Tg and knock-in mouse models targeting desmosomal proteins such as PKP2 and DSC2 mimic arrhythmogenic cardiomyopathy. These studies suggest that cell to cell adhesion systems are important in maintaining cardiac integrity [35,36].
FHC is a genetic disorder resulting from mutations in the genes encoding sarcomeric proteins [37,38]. A mouse model of FHC was generated by introducing an Arg403 to Gln replacement in the alpha cardiac myosin heavy chain (MHC) gene.
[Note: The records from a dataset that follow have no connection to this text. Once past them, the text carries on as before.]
lemma image_one_mat_vec:
  assumes "(X :: 'a::semiring_1 vec set) \<subseteq> carrier_vec n"
  shows "(\<lambda>u. 1\<^sub>m n *\<^sub>v u) ` X = X"
proof -
  have "\<And>u. u \<in> X \<Longrightarrow> 1\<^sub>m n *\<^sub>v u = u" using assms by auto
  then show ?thesis by simp
qed

lemma image_mat_vec_subset: "A \<in> carrier_mat n n \<Longrightarrow> (\<lambda>u. A *\<^sub>v u) ` X \<subseteq> carrier_vec n"
  by (auto intro!: carrier_vecI)

lemma stabilizes_mult:
  assumes "A \<in> carrier_mat n n" "B \<in> carrier_mat n n" "X \<subseteq> carrier_vec n"
    and "stabilizes A X" "stabilizes B X"
  shows "stabilizes (A * B) X"
  using image_mult_mat_vec[OF assms(1-3)] assms(4,5) unfolding stabilizes_def by simp

lemma image_GL_inv_image:
  assumes "B \<in> carrier (GL n)" "Y \<subseteq> carrier_vec n"
  shows "(\<lambda>u. inv\<^bsub>GL n\<^esub> B *\<^sub>v u) ` (\<lambda>u. B *\<^sub>v u) ` Y = (Y :: 'a::field vec set)"
proof -
  have "(\<lambda>u. inv\<^bsub>GL n\<^esub> B *\<^sub>v u) ` (\<lambda>u. B *\<^sub>v u) ` Y = (\<lambda>u. (inv\<^bsub>GL n\<^esub> B * B) *\<^sub>v u) ` Y"
    using image_mult_mat_vec[OF GL_inv(1)[OF assms(1)] GL_carrier_mat[OF assms(1)] assms(2)] ..
  also have "\<dots> = Y"
    unfolding GL_inv(2)[OF assms(1)] by (rule image_one_mat_vec[OF assms(2)])
  finally show ?thesis .
qed

lemma stabilizes_GL_inv:
  assumes "A \<in> carrier (GL n)" "X \<subseteq> carrier_vec n" "stabilizes A X"
  shows "stabilizes (inv\<^bsub>GL n\<^esub> A) X"
  using image_GL_inv_image[OF assms(1,2)] assms(3) unfolding stabilizes_def by simp

lemma stabilizes_conjugate:
  assumes A: "A \<in> carrier_mat n n" and B: "B \<in> carrier (GL n)" and Y: "Y \<subseteq> carrier_vec n"
    and stab: "stabilizes A Y" and BY: "(\<lambda>u. B *\<^sub>v u) ` Y = Z"
  shows "stabilizes (B * A * inv\<^bsub>GL n\<^esub> B) (Z :: 'a::field vec set)"
proof -
  have B': "B \<in> carrier_mat n n" "inv\<^bsub>GL n\<^esub> B \<in> carrier_mat n n"
    using GL_carrier_mat[OF B] GL_inv(1)[OF B] .
  have Z: "Z \<subseteq> carrier_vec n" using BY image_mat_vec_subset[OF B'(1)] by blast
  have "(\<lambda>u. (B * A * inv\<^bsub>GL n\<^esub> B) *\<^sub>v u) ` Z
      = (\<lambda>u. B *\<^sub>v u) ` (\<lambda>u. A *\<^sub>v u) ` (\<lambda>u. inv\<^bsub>GL n\<^esub> B *\<^sub>v u) ` Z"
    using image_mult_mat_vec[OF mult_carrier_mat[OF B'(1) A] B'(2) Z]
      image_mult_mat_vec[OF B'(1) A image_mat_vec_subset[OF B'(2)]] by simp
  also have "\<dots> = Z"
    using image_GL_inv_image[OF B Y] stab BY unfolding stabilizes_def by simp
  finally show ?thesis unfolding stabilizes_def .
qed

lemma PGL_stab_subgroup:
  assumes X: "X \<subseteq> carrier_vec n"
  shows "subgroup (PGL_stab n X) (PGL n :: 'a::field mat set monoid)"
proof -
  interpret PGL: group "PGL n :: 'a mat set monoid" by (rule group_PGL)
  show ?thesis
  proof (rule PGL.subgroupI)
    show "PGL_stab n X \<subseteq> carrier (PGL n :: 'a mat set monoid)"
      unfolding PGL_stab_eq using PGL_of_carrier by blast
    have "stabilizes (1\<^sub>m n) X" unfolding stabilizes_def by (rule image_one_mat_vec[OF X])
    then have "PGL_of n (1\<^sub>m n) \<in> PGL_stab n X"
      unfolding PGL_stab_eq using GL.one_closed[of n] by (auto simp: GL_one)
    then show "PGL_stab n X \<noteq> {}" by blast
  next
    fix a assume "a \<in> PGL_stab n X"
    then obtain A where A: "a = PGL_of n A" "A \<in> carrier (GL n)" "stabilizes A X"
      unfolding PGL_stab_eq by blast
    then show "inv\<^bsub>PGL n\<^esub> a \<in> PGL_stab n X"
      unfolding PGL_stab_eq using PGL_of_inv GL.inv_closed stabilizes_GL_inv[OF _ X] by blast
  next
    fix a b assume "a \<in> PGL_stab n X" "b \<in> PGL_stab n X"
    then obtain A B where A: "a = PGL_of n A" "A \<in> carrier (GL n)" "stabilizes A X"
      and B: "b = PGL_of n B" "B \<in> carrier (GL n)" "stabilizes B X"
      unfolding PGL_stab_eq by blast
    have "stabilizes (A * B) X"
      using stabilizes_mult[OF GL_carrier_mat[OF A(2)] GL_carrier_mat[OF B(2)] X A(3) B(3)] .
    moreover have "A * B \<in> carrier (GL n)" by (rule GL_mult_closed[OF A(2) B(2)])
    ultimately show "a \<otimes>\<^bsub>PGL n\<^esub> b \<in> PGL_stab n X"
      unfolding A(1) B(1) PGL_of_mult[OF A(2) B(2)] PGL_stab_eq by blast
  qed
qed

lemma PGL_stab_conjugate_into:
  assumes conj: "\<And>A. A \<in> carrier (GL n) \<Longrightarrow> stabilizes A X \<Longrightarrow>
      \<exists>B\<in>carrier (GL n). stabilizes (B * A * inv\<^bsub>GL n\<^esub> B) Y"
    and a: "a \<in> PGL_stab n X"
  shows "\<exists>a'\<in>PGL_stab n Y. conjugate_in (PGL n :: 'a::field mat set monoid) a a'"
proof -
  obtain A where A: "a = PGL_of n A" "A \<in> carrier (GL n)" "stabilizes A X"
    using a unfolding PGL_stab_eq by blast
  obtain B where B: "B \<in> carrier (GL n)" "stabilizes (B * A * inv\<^bsub>GL n\<^esub> B) Y"
    using conj[OF A(2,3)] by blast
  have BA: "B * A \<in> carrier (GL n)" by (rule GL_mult_closed[OF B(1) A(2)])
  have BAB: "B * A * inv\<^bsub>GL n\<^esub> B \<in> carrier (GL n)" by (rule GL_mult_closed[OF BA GL.inv_closed[OF B(1)]])
  have "PGL_of n B \<otimes>\<^bsub>PGL n\<^esub> a \<otimes>\<^bsub>PGL n\<^esub> inv\<^bsub>PGL n\<^esub> PGL_of n B = PGL_of n (B * A * inv\<^bsub>GL n\<^esub> B)"
    unfolding A(1) PGL_of_mult[OF B(1) A(2)] PGL_of_inv[OF B(1)]
    using PGL_of_mult[OF BA GL.inv_closed[OF B(1)]] .
  then have "conjugate_in (PGL n) a (PGL_of n (B * A * inv\<^bsub>GL n\<^esub> B))"
    unfolding conjugate_in_def using PGL_of_carrier[OF B(1)] by blast
  moreover have "PGL_of n (B * A * inv\<^bsub>GL n\<^esub> B) \<in> PGL_stab n Y"
    unfolding PGL_stab_eq using BAB B(2) by blast
  ultimately show ?thesis by blast
qed

section \<open>Points and hyperplanes of \<open>PG(n - 1, F)\<close>\<close>

lemma nonzero_vec_coord:
  assumes "x \<in> carrier_vec n" "x \<noteq> 0\<^sub>v n"
  shows "\<exists>k<n. x $ k \<noteq> (0 :: 'a::zero)"
  using assms by (auto intro!: eq_vecI)

definition move_mat :: "nat \<Rightarrow> 'a::field vec \<Rightarrow> 'a vec \<Rightarrow> nat \<Rightarrow> 'a mat" where
  "move_mat n x y k =
     mat n n (\<lambda>(i, j). (if i = j then 1 else 0) + (if j = k then (y $ i - x $ i) / x $ k else 0))"

lemma move_mat_carrier: "move_mat n x y k \<in> carrier_mat n n"
  by (simp add: move_mat_def)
This mouse model may help define the cause of FHC. Histological observations of myocardiopathy were more apparent in males than in females and appeared by ages. Ten female alpha MHC sup403/+ mice (two 15 weeks old, one 31 weeks old) showed no cardiomyopathy, whereas all male alpha MHC sup403/+ mice showed cardiomyopathy with myocyte disarray. Myocyte hypertrophy, injury, and fibrosis were observed more frequently in 30-week-old alpha MHC sup403/+ mice than in 15-week-old alpha MHC sup403/+ mice.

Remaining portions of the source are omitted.